Senin, 04 Juli 2016

Kabar dari Bangkok

Kabar dari Bangkok

Bre Redana ;   Penulis Kolom UDAR RASA Kompas Minggu
                                                         KOMPAS, 03 Juli 2016

                                                                                                                                                           
                                                                                                                                                           

Ada kabar apa dari Jakarta, ini pertanyaan teman-teman Indonesia yang bekerja di Bangkok, setiap kali saya mengunjungi kota itu. Terdiri dari para profesional, ada yang bekerja di hotel, perusahaan asing, bergerak di dunia properti dan lain-lain, mereka mengakrabi tempat-tempat santai di Bangkok, klub-klub eksklusif, restoran-restoran dan kafe-kafe yang tengah populer. Pendeknya, mereka sangat "gaul".

Apa yang harus saya ceritakan pada kalian, kata saya. Di tengah derasnya arus informasi media sosial, terlebih bagi kalian yang teknologi dan aplikasi-aplikasinya untuk urusan informasi selalu gres, apa yang tidak kalian ketahui? Dalam beberapa hal saya lebih katrok dibanding sebagian besar orang.

Penjual makanan yang nangis-nangis terkena razia; alat pendeteksi gempa yang dicuri penduduk; pasangan saleh pembikin vaksin palsu; oknum DPR yang meminta konsulat jenderal di luar negeri memfasilitasi anaknya; soal PKI yang tiada habis-habis; tak ada yang mereka tidak ikuti. Semua kabar dari Tanah Air mereka tangkap-dan terbawa sifat media di zaman ini-segera semua terlupakan.

Begitulah sifat informasi pada era digital.

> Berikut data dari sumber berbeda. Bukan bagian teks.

(* For every $n\ge1$, the star graph $G=K_{1,n-1}$ on $n$ vertices satisfies $$a_0(G)<a_1(G)<\cdots<a_{\lfloor\frac{n-1}{2}\rfloor}(G);$$ in particular its $a$-sequence satisfies the tail-peaked condition.
   Context: All graphs are finite simple graphs; $G|_I$ is the induced subgraph on $I\subseteq V(G)$. The signed $a$-number: $sa(\emptyset)=1$; if $G$ has connected components $G_1,\dots,G_\ell$, $sa(G)=\prod_k sa(G_k)$; if $G$ is connected and nonempty, $sa(G)=-\sum_{I\subsetneq V(G)}sa(G|_I)$ when $|V(G)|$ is even and $0$ when odd. $a(G)=|sa(G)|$, $a_i(G)=\sum_{I\subseteq V(G),|I|=2i}a(G|_I)$, and the $a$-sequence is $(a_0(G),a_1(G),\dots)$. A sequence satisfies the tail-peaked condition if it is eventually zero and is (weakly) increasing up to and including its second-to-last nonzero term. The star graph $K_{1,m}$ has one center vertex adjacent to each of $m$ leaves and no other edges. *)

theory Defs
  imports Main
begin

text \<open>A finite simple graph is given by a finite vertex set V and an adjacency relation
  E (symmetric, irreflexive on V).  The induced subgraph on I has vertex set I and the
  edges of E between vertices of I; so a (vertex set, adjacency) pair (I, E) with I a
  finite subset of V represents the induced subgraph G|_I.\<close>

definition edges_on :: "('a \<Rightarrow> 'a \<Rightarrow> bool) \<Rightarrow> 'a set \<Rightarrow> ('a \<times> 'a) set" where
  "edges_on E I = {(u, v). u \<in> I \<and> v \<in> I \<and> (E u v \<or> E v u)}"

definition connected_on :: "('a \<Rightarrow> 'a \<Rightarrow> bool) \<Rightarrow> 'a set \<Rightarrow> bool" where
  "connected_on E I \<longleftrightarrow> I \<noteq> {} \<and> (\<forall>x\<in>I. \<forall>y\<in>I. (x, y) \<in> (edges_on E I)\<^sup>*)"

definition components :: "('a \<Rightarrow> 'a \<Rightarrow> bool) \<Rightarrow> 'a set \<Rightarrow> 'a set set" where
  "components E I = {{y \<in> I. (x, y) \<in> (edges_on E I)\<^sup>*} | x. x \<in> I}"

lemma component_proper:
  assumes "I \<noteq> {}" "\<not> connected_on E I" "C \<in> components E I"
  shows "C \<subset> I"
proof -
  obtain z where z: "z \<in> I" "C = {y \<in> I. (z, y) \<in> (edges_on E I)\<^sup>*}"
    using assms(3) unfolding components_def by blast
  have sym: "sym ((edges_on E I)\<^sup>*)"
    by (rule sym_rtrancl) (auto simp: sym_def edges_on_def)
  show ?thesis
  proof (rule ccontr)
    assume "\<not> C \<subset> I"
    then have "C = I" using z by blast
    then have "\<forall>y\<in>I. (z, y) \<in> (edges_on E I)\<^sup>*" using z by blast
    then have "\<forall>x\<in>I. \<forall>y\<in>I. (x, y) \<in> (edges_on E I)\<^sup>*"
      using sym by (meson rtrancl_trans symD)
    then show False using assms(1,2) unfolding connected_on_def by blast
  qed
qed

text \<open>The signed a-number sa(G|_I).  (Infinite vertex sets do not occur; the value 0
  there is a dummy.)\<close>
function sa :: "('a \<Rightarrow> 'a \<Rightarrow> bool) \<Rightarrow> 'a set \<Rightarrow> int" where
  "sa E I =
     (if infinite I then 0
      else if I = {} then 1
      else if connected_on E I then
        (if even (card I) then - (\<Sum>J\<in>{J. J \<subset> I}. sa E J) else 0)
      else (\<Prod>C\<in>components E I. sa E C))"
  by pat_completeness auto
termination
proof (relation "measure (\<lambda>(E, I). card I)")
  show "wf (measure (\<lambda>(E, I). card I))" by simp
next
  fix E :: "'a \<Rightarrow> 'a \<Rightarrow> bool" and I J
  assume "\<not> infinite I" "J \<in> {J. J \<subset> I}"
  then show "((E, J), E, I) \<in> measure (\<lambda>(E, I). card I)"
    by (simp add: psubset_card_mono)
next
  fix E :: "'a \<Rightarrow> 'a \<Rightarrow> bool" and I C
  assume "\<not> infinite I" "I \<noteq> {}" "\<not> connected_on E I" "C \<in> components E I"
  then show "((E, C), E, I) \<in> measure (\<lambda>(E, I). card I)"
    using component_proper[of I E C] by (simp add: psubset_card_mono)
qed

declare sa.simps [simp del]

definition a_num :: "('a \<Rightarrow> 'a \<Rightarrow> bool) \<Rightarrow> 'a set \<Rightarrow> nat" where
  "a_num E I = nat \<bar>sa E I\<bar>"

definition a_seq :: "'a set \<Rightarrow> ('a \<Rightarrow> 'a \<Rightarrow> bool) \<Rightarrow> nat \<Rightarrow> nat" where
  "a_seq V E i = (\<Sum>I\<in>{I. I \<subseteq> V \<and> card I = 2 * i}. a_num E I)"

text \<open>Tail-peaked: eventually zero, and weakly increasing up to and including the
  second-to-last nonzero term.\<close>
definition tail_peaked :: "(nat \<Rightarrow> nat) \<Rightarrow> bool" where
  "tail_peaked f \<longleftrightarrow> (\<exists>N. \<forall>m\<ge>N. f m = 0) \<and>
     (\<forall>i j p q. i \<le> j \<and> j \<le> p \<and> p < q \<and> f p \<noteq> 0 \<and> f q \<noteq> 0 \<longrightarrow> f i \<le> f j)"

definition star_vertices :: "nat \<Rightarrow> nat set" where
  "star_vertices n = {0..<n}"

definition star_adj :: "nat \<Rightarrow> nat \<Rightarrow> bool" where
  "star_adj u v \<longleftrightarrow> u \<noteq> v \<and> (u = 0 \<or> v = 0)"

end

(*
  Write t_k for the Taylor coefficients of tan x.  For a vertex set I containing the centre,
  sa(G|_I) depends only on k = |I| - 1: the subsets avoiding the centre are edgeless and
  contribute nothing except sa({}) = 1, so the defining recursion becomes
  sum_j C(k,j) s_j = -1 for odd k (and s_k = 0 for even k).  Its exponential generating
  function is -tanh x, because cosh x * tanh x = sinh x; hence |s_k| = k! t_k and
  a_i = C(n-1, 2i-1) (2i-1)! t_(2i-1).  Comparing coefficients in tan' = 1 + tan^2 gives
  t_k <= 3 t_(k+2), and C(m,r+2) (r+2)! = C(m,r) r! (m-r)(m-r-1) with (m-r)(m-r-1) >= 6
  while 2i+2 <= n-1, so a_(i+1) >= 2 a_i.  Beyond i = (n-1) div 2 + 1 the binomial
  coefficient, and with it a_i, vanishes.
*)

theory Submission
  imports Defs "HOL-Computational_Algebra.Formal_Power_Series"
begin

unbundle fps_syntax

(* The Taylor coefficients of tan, read off from tan 0 = 0 and tan' = 1 + tan^2. *)
fun tan_coeff :: "nat \<Rightarrow> real" where
  "tan_coeff 0 = 0"
| "tan_coeff (Suc 0) = 1"
| "tan_coeff (Suc (Suc n)) = (\<Sum>k\<le>Suc n. tan_coeff k * tan_coeff (Suc n - k)) / (n + 2)"

declare tan_coeff.simps(3) [simp del]

lemma tan_coeff_Suc_Suc:
  "(real n + 2) * tan_coeff (Suc (Suc n)) = (\<Sum>k\<le>Suc n. tan_coeff k * tan_coeff (Suc n - k))"
  by (simp add: tan_coeff.simps(3) add.commute del: sum.atMost_Suc)

lemma tan_coeff_nonneg: "tan_coeff n \<ge> 0"
proof (induction n rule: less_induct)
  case (less n)
  then show ?case
    by (cases n rule: tan_coeff.cases)
       (auto simp: tan_coeff.simps(3) simp del: sum.atMost_Suc intro!: divide_nonneg_pos sum_nonneg)
qed

lemma tan_coeff_even: "even n \<Longrightarrow> tan_coeff n = 0"
proof (induction n rule: less_induct)
  case (less n)
  show ?case
  proof (cases n rule: tan_coeff.cases)
    case (3 m)
    have "tan_coeff k * tan_coeff (Suc m - k) = 0" if "k \<le> Suc m" for k
      using less 3 that by (cases "even k") auto
    then have "(\<Sum>k\<le>Suc m. tan_coeff k * tan_coeff (Suc m - k)) = 0"
      by (intro sum.neutral) simp
    then show ?thesis
      using 3 by (simp add: tan_coeff.simps(3) del: sum.atMost_Suc)
  qed (use less in auto)
qed

lemma tan_coeff_odd_pos: "odd n \<Longrightarrow> tan_coeff n > 0"
proof (induction n rule: less_induct)
  case (less n)
  show ?case
  proof (cases n rule: tan_coeff.cases)
    case (3 m)
    have "tan_coeff 1 * tan_coeff (Suc m - 1) \<le> (\<Sum>k\<le>Suc m. tan_coeff k * tan_coeff (Suc m - k))"
      by (rule member_le_sum) (auto intro: mult_nonneg_nonneg tan_coeff_nonneg)
    moreover have "tan_coeff m > 0"
      using less 3 by simp
    ultimately show ?thesis
      using 3 by (simp add: tan_coeff.simps(3) del: sum.atMost_Suc)
  qed (use less in auto)
qed

lemma tan_coeff_le_3_tan_coeff_add_2: "tan_coeff n \<le> 3 * tan_coeff (n + 2)"
proof (induction n rule: less_induct)
  case (less n)
  show ?case
  proof (cases n rule: tan_coeff.cases)
    case (3 p)
    define A B where "A = tan_coeff (p + 2)" and "B = tan_coeff (p + 4)"
    have "(\<Sum>k\<le>Suc p. tan_coeff k * tan_coeff (Suc p - k))
        \<le> 3 * (\<Sum>k\<le>Suc p. tan_coeff k * tan_coeff (p + 3 - k))"
      unfolding sum_distrib_left
    proof (rule sum_mono)
      fix k assume "k \<in> {..Suc p}"
      then have "tan_coeff (Suc p - k) \<le> 3 * tan_coeff (p + 3 - k)"
        using less.IH[of "Suc p - k"] 3 by (simp add: Suc_diff_le numeral_eq_Suc)
      then show "tan_coeff k * tan_coeff (Suc p - k) \<le> 3 * (tan_coeff k * tan_coeff (p + 3 - k))"
        using mult_left_mono[OF _ tan_coeff_nonneg] by (metis mult.left_commute)
    qed
    then have "(real p + 2) * A \<le> 3 * (\<Sum>k\<le>Suc p. tan_coeff k * tan_coeff (p + 3 - k))"
      using tan_coeff_Suc_Suc[of p] by (simp add: A_def numeral_eq_Suc)
    moreover have "(\<Sum>k\<le>Suc p. tan_coeff k * tan_coeff (p + 3 - k)) + A \<le> (real p + 4) * B"
      using tan_coeff_Suc_Suc[of "Suc (Suc p)"]
      by (simp add: A_def B_def numeral_eq_Suc tan_coeff_nonneg del: sum.atMost_Suc)
         (simp add: algebra_simps)
    ultimately have "(real p + 5) * A \<le> (real p + 5) * (3 * B)"
      using tan_coeff_nonneg[of "p + 4"] unfolding B_def by (simp add: algebra_simps)
    then show ?thesis
      using 3 by (simp add: A_def B_def numeral_eq_Suc)
  next
    case 2
    have "3 * tan_coeff 3 = 1"
      using tan_coeff_Suc_Suc[of 1] by (simp add: numeral_eq_Suc tan_coeff_even)
    then show ?thesis
      using 2 by (simp add: numeral_3_eq_3)
  qed (simp add: tan_coeff_nonneg)
qed

lemma fps_eq_0_if_fps_deriv_eq_mult:
  fixes f g :: "'a::{idom, ring_char_0} fps"
  assumes "fps_deriv f = g * f" and "f $ 0 = 0"
  shows "f = 0"
proof -
  have "f $ n = 0" for n
  proof (induction n rule: less_induct)
    case (less n)
    show ?case
    proof (cases n)
      case (Suc m)
      have "of_nat (Suc m) * f $ Suc m = (g * f) $ m"
        using fps_deriv_nth[of f m] by (simp add: assms(1))
      also have "\<dots> = 0"
        using less Suc by (simp add: fps_mult_nth)
      finally show ?thesis
        using Suc by (simp del: of_nat_Suc)
    qed (use assms(2) in simp)
  qed
  then show ?thesis
    by (simp add: fps_ext)
qed

definition cosh_fps :: "real fps" where
  "cosh_fps = Abs_fps (\<lambda>n. if even n then 1 / fact n else 0)"

definition sinh_fps :: "real fps" where
  "sinh_fps = Abs_fps (\<lambda>n. if odd n then 1 / fact n else 0)"

(* tanh x = - i tan (i x) *)
definition tanh_fps :: "real fps" where
  "tanh_fps = Abs_fps (\<lambda>n. (- 1) ^ (n div 2) * tan_coeff n)"

lemma fps_deriv_cosh_fps: "fps_deriv cosh_fps = sinh_fps"
  and fps_deriv_sinh_fps: "fps_deriv sinh_fps = cosh_fps"
  by (auto intro!: fps_ext simp: cosh_fps_def sinh_fps_def fact_Suc simp del: of_nat_Suc)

Ingatan manusia kian pendek, sependek dan sesumir informasi yang beredar di dunia maya.

Begitu pun cara orang beropini dan mengekspresikan diri. Dulu orang menulis babad, buku dari Odyssey sampai La Galigo dan Mahabharata, melakukan penelitian, membeberkan dalam jurnal ilmiah, terus kian pendek sesuai perkembangan media menjadi artikel ilmiah populer. Lahir para intelektual empat halaman.

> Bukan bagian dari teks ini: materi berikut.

lemma is_maya_insert:
  assumes "is_maya M" shows "is_maya (insert x M)"
proof -
  obtain a b where "\<forall>k<a. k \<in> M" "\<forall>k\<in>M. k < b"
    using assms unfolding is_maya_def by blast
  then show ?thesis
    unfolding is_maya_def by (intro conjI exI[of _ a] exI[of _ "max b (x + 1)"]) auto
qed

lemma maya_seq_insert:
  assumes M: "is_maya M" and x: "x \<notin> M"
  shows "i < count_above M x \<Longrightarrow> maya_seq (insert x M) i = maya_seq M i"
    and "maya_seq (insert x M) (count_above M x) = x"
    and "count_above M x \<le> i \<Longrightarrow> maya_seq (insert x M) (Suc i) = maya_seq M i"
proof -
  let ?p = "count_above M x"
  have M': "is_maya (insert x M)"
    by (rule is_maya_insert[OF M])
  have s: "maya_seq M i \<in> M" "count_above M (maya_seq M i) = i" for i
    using maya_seq_mem_count[OF M] by auto
  have above: "count_above (insert x M) y = count_above M y" if "x < y" for y
    unfolding count_above_def using that by (intro arg_cong[where f = card]) auto
  have below: "count_above (insert x M) y = Suc (count_above M y)" if "y < x" for y
  proof -
    have "{z \<in> insert x M. y < z} = insert x {z \<in> M. y < z}"
      using that by auto
    then show ?thesis
      unfolding count_above_def using maya_finite_above[OF M, of y] x by simp
  qed
  have "count_above (insert x M) x = ?p"
    unfolding count_above_def by (intro arg_cong[where f = card]) auto
  then show "maya_seq (insert x M) ?p = x"
    by (intro maya_seq_eqI[OF M']) auto
  have "x < maya_seq M i" if "i < ?p" for i
    using count_above_antimono[OF M, of "maya_seq M i" x] s[of i] x that by fastforce
  then show "i < ?p \<Longrightarrow> maya_seq (insert x M) i = maya_seq M i"
    by (intro maya_seq_eqI[OF M']) (auto simp: above s)
  have "maya_seq M i < x" if "?p \<le> i" for i
    using count_above_strict_antimono[OF M s(1)[of i], of x] s[of i] x that
    by (cases "maya_seq M i" x rule: linorder_cases) auto
  then show "?p \<le> i \<Longrightarrow> maya_seq (insert x M) (Suc i) = maya_seq M i"
    by (intro maya_seq_eqI[OF M']) (auto simp: below s)
qed

lemma maya_seq_insert_list:
  assumes M: "is_maya M" and x: "x \<notin> M" and p: "count_above M x \<le> N"
  shows "map (maya_seq (insert x M)) [0..<Suc N]
    = map (maya_seq M) [0..<count_above M x] @ x # map (maya_seq M) [count_above M x..<N]"
    (is "_ = ?xs")
proof (rule nth_equalityI)
  show "length (map (maya_seq (insert x M)) [0..<Suc N]) = length ?xs"
    using p by simp
  fix j assume "j < length (map (maya_seq (insert x M)) [0..<Suc N])"
  then have j: "j < Suc N" by simp
  consider "j < count_above M x" | "j = count_above M x" | "count_above M x < j"
    by linarith
  then show "map (maya_seq (insert x M)) [0..<Suc N] ! j = ?xs ! j"
  proof cases
    case 1
    then show ?thesis
      using j maya_seq_insert(1)[OF M x 1] by (simp add: nth_append del: upt_Suc)
  next
    case 2
    then show ?thesis
      using j maya_seq_insert(2)[OF M x] by (simp add: nth_append del: upt_Suc)
  next
    case 3
    then obtain j' where j': "j = Suc j'" "count_above M x \<le> j'"
      by (cases j) auto
    then show ?thesis
      using j maya_seq_insert(3)[OF M x j'(2)] by (simp add: nth_append nth_Cons' del: upt_Suc)
  qed
qed

lemma maya_translate:
  assumes M: "is_maya M"
  shows "is_maya ((\<lambda>k. k + d) ` M)" and "maya_seq ((\<lambda>k. k + d) ` M) i = maya_seq M i + d"
proof -
  let ?M = "(\<lambda>k. k + d) ` M"
  obtain a b where ab: "\<forall>k<a. k \<in> M" "\<forall>k\<in>M. k < b"
    using M unfolding is_maya_def by blast
  have "k \<in> ?M" if "k < a + d" for k
    using ab that by (intro image_eqI[of _ _ "k - d"]) auto
  moreover have "\<forall>k\<in>?M. k < b + d"
    using ab by auto
  ultimately show M': "is_maya ?M"
    unfolding is_maya_def by blast
  have "{z \<in> ?M. maya_seq M i + d < z} = (\<lambda>k. k + d) ` {z \<in> M. maya_seq M i < z}"
    by auto
  then have "count_above ?M (maya_seq M i + d) = count_above M (maya_seq M i)"
    unfolding count_above_def by (simp add: card_image)
  then show "maya_seq ?M i = maya_seq M i + d"
    using maya_seq_mem_count[OF M, of i] by (intro maya_seq_eqI[OF M']) auto
qed

lemma maya_partition_translate:
  assumes "is_maya M" shows "maya_partition ((\<lambda>k. k + d) ` M) = maya_partition M"
  unfolding maya_partition_def maya_translate(2)[OF assms] by simp

lemma maya_seq_plus_index_eventually:
  assumes M: "is_maya M" and a: "\<forall>k<a. k \<in> M"
  shows "\<forall>i\<ge>count_above M (a - 1). maya_seq M i + int i = a - 1 + int (count_above M (a - 1))"
proof (intro allI impI)
  fix i assume i: "count_above M (a - 1) \<le> i"
  define j where "j = i - count_above M (a - 1)"
  have "{z \<in> M. a - 1 - int j < z} = {z \<in> M. a - 1 < z} \<union> {a - 1 - int j<..a - 1}"
    using a by auto
  moreover have "card ({z \<in> M. a - 1 < z} \<union> {a - 1 - int j<..a - 1}) = count_above M (a - 1) + j"
    by (subst card_Un_disjoint) (auto simp: count_above_def maya_finite_above[OF M])
  ultimately have "count_above M (a - 1 - int j) = count_above M (a - 1) + j"
    by (simp add: count_above_def)
  then have "maya_seq M i = a - 1 - int j"
    using a i by (intro maya_seq_eqI[OF M]) (auto simp: j_def)
  then show "maya_seq M i + int i = a - 1 + int (count_above M (a - 1))"
    using i by (simp add: j_def)
qed

lemma schur_maya_partition:
  assumes M: "is_maya M" and charge: "\<forall>i\<ge>N0. maya_seq M i + int i = c"
    and N: "length (maya_partition M) \<le> N"
  shows "schur (maya_partition M) = jt_det (map (\<lambda>i. maya_seq M i - c) [0..<N])"
proof -
  have "int (part (maya_partition M) i) - int i = maya_seq M i - c" for i
    using part_maya_partition[OF M charge] maya_seq_plus_index_ge[OF M charge, of i] by simp
  then show ?thesis
    using schur_eq_jt_det[OF N] by simp
qed

lemma vertexX_schur_maya_insert:
  assumes M: "is_maya M" and x: "x \<notin> M" and charge: "\<forall>i\<ge>N0. maya_seq M i + int i = c"
  shows "\<exists>s\<in>{1, -1::complex}. vertexX (x - c - 1) (schur (maya_partition M))
    = (\<lambda>t. s * schur (maya_partition (insert x M)) t)"
proof -
  let ?M' = "insert x M"
  let ?p = "count_above M x"
  let ?g = "\<lambda>y. y - (c + 1)"
  define N where "N = length (maya_partition M) + length (maya_partition ?M') + ?p"
  have M': "is_maya ?M'"
    by (rule is_maya_insert[OF M])
  have charge': "\<forall>i\<ge>Suc (max N0 ?p). maya_seq ?M' i + int i = c + 1"
  proof (intro allI impI)
    fix i assume "Suc (max N0 ?p) \<le> i"
    then obtain i' where "i = Suc i'" "N0 \<le> i'" "?p \<le> i'"
      by (cases i) auto
    then show "maya_seq ?M' i + int i = c + 1"
      using maya_seq_insert(3)[OF M x] charge by simp
  qed
  have rows: "map (\<lambda>i. maya_seq ?M' i - (c + 1)) [0..<Suc N]
      = map (\<lambda>i. ?g (maya_seq M i)) [0..<?p] @ ?g x # map (\<lambda>i. ?g (maya_seq M i)) [?p..<N]"
  proof -
    have "?p \<le> N" by (simp add: N_def)
    from arg_cong[OF maya_seq_insert_list[OF M x this], of "map ?g"] show ?thesis
      by (simp only: map_map map_append list.map comp_def)
  qed
  let ?A = "map (\<lambda>i. ?g (maya_seq M i)) [0..<?p]"
  let ?B = "map (\<lambda>i. ?g (maya_seq M i)) [?p..<N]"
  have "vertexX (x - c - 1) (schur (maya_partition M))
      = jt_det ((x - c - 1) # map (\<lambda>y. y - 1) (map (\<lambda>i. maya_seq M i - c) [0..<N]))"
    by (subst schur_maya_partition[OF M charge, of N]) (simp_all add: N_def vertexX_jt_det)
  also have "(x - c - 1) # map (\<lambda>y. y - 1) (map (\<lambda>i. maya_seq M i - c) [0..<N]) = [] @ ?g x # ?A @ ?B"
    using upt_add_eq_append[of 0 ?p "N - ?p"] by (simp add: N_def algebra_simps)
  finally have "vertexX (x - c - 1) (schur (maya_partition M)) t = (-1) ^ ?p * jt_det (?A @ ?g x # ?B) t"
    for t
    using jt_det_move[of "[]" "?g x" ?A ?B t] by simp
  then have "vertexX (x - c - 1) (schur (maya_partition M)) t
      = (-1) ^ ?p * jt_det (map (\<lambda>i. maya_seq ?M' i - (c + 1)) [0..<Suc N]) t" for t
    unfolding rows .
  also have "jt_det (map (\<lambda>i. maya_seq ?M' i - (c + 1)) [0..<Suc N]) = schur (maya_partition ?M')"
    by (rule schur_maya_partition[OF M' charge', symmetric]) (simp add: N_def)
  finally have "vertexX (x - c - 1) (schur (maya_partition M))
      = (\<lambda>t. (-1) ^ ?p * schur (maya_partition ?M') t)" ..
  moreover have "(-1) ^ ?p \<in> {1, -1::complex}"
    by (cases "even ?p") auto
  ultimately show ?thesis
    by blast
qed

Lalu masuk dunia digital. Perkembangan media digital membawa konsekuensi lain lagi. Dia bukan hanya memampatkan tulisan, tapi juga mengubah sistem respons saraf. Tulisan berupa huruf yang tercetak di kertas bermigrasi ke piksel. Linearitas dunia buku diganti pola pembacaan hiper-teks. Yang terbongkar dan ambrol kemudian bukan hanya linearitas itu, tetapi juga kebiasaan kita dalam membaca buku seperti ketenangan, konsentrasi, perhatian terhadap koherensi, serta aktivasi logika dan rasionalitas. Yang masih hidup dalam pola itu dianggap lelet, tidak catch up dengan perubahan zaman.

Di luar keunggulannya dalam kecepatan, media digital sejatinya juga mengakibatkan distraksi pada otak dalam hal kecakapan otak untuk menginterpretasi teks maupun informasi. Orang menjadi cenderung menelan apa saja. Yang lebih disentuh oleh media tersebut adalah emosi, motivasi, kepercayaan, dan sejenisnya. Itu sebabnya kicauan di Twitter lebih banyak berisi anjuran moral, petuah, nasihat-semua merasa paling bijaksana sedunia. Berkhotbah sepanjang hari. Koyo bener-benero dewe, kata teman saya Mas Pujo. Prek, lanjutnya.

Kisah manusia selalu menarik. Itu yang melahirkan cerita maupun tayangan-tayangan human interest. Dengan media digital cerita human interest menemukan kemasan baru: orang menangis-nangis, melolong-lolong, lahir berita. Semua bahagia, baik yang nangis, yang memberitakan, yang nonton.

Tentang duduk perkara tidak semua orang peduli. Percaya pada apa yang didengar, bukan apa yang dilihat, tanpa kehadiran dan verifikasi, semua ditelan mentah-mentah. Maka kalau pada ilmu komunikasi dulu dikenal istilah readers, listeners, viewers, kini muncul kosakata baru, haters. Kaum pembenci, penuh prasangka, subo sito, gede roso.

Teman-teman dari Bangkok mengajak saya melewatkan sore di lounge The Siam. Mereka semua puasa, tetapi mereka justru memesankan untuk saya mojito. Itu minuman favorit di sini, harus coba, katanya. Mereka terbiasa menjalani kekhusyukan puasa di tengah ingar-bingar dan hedonisme Bangkok. Lolos dari rekayasa politik dan agama.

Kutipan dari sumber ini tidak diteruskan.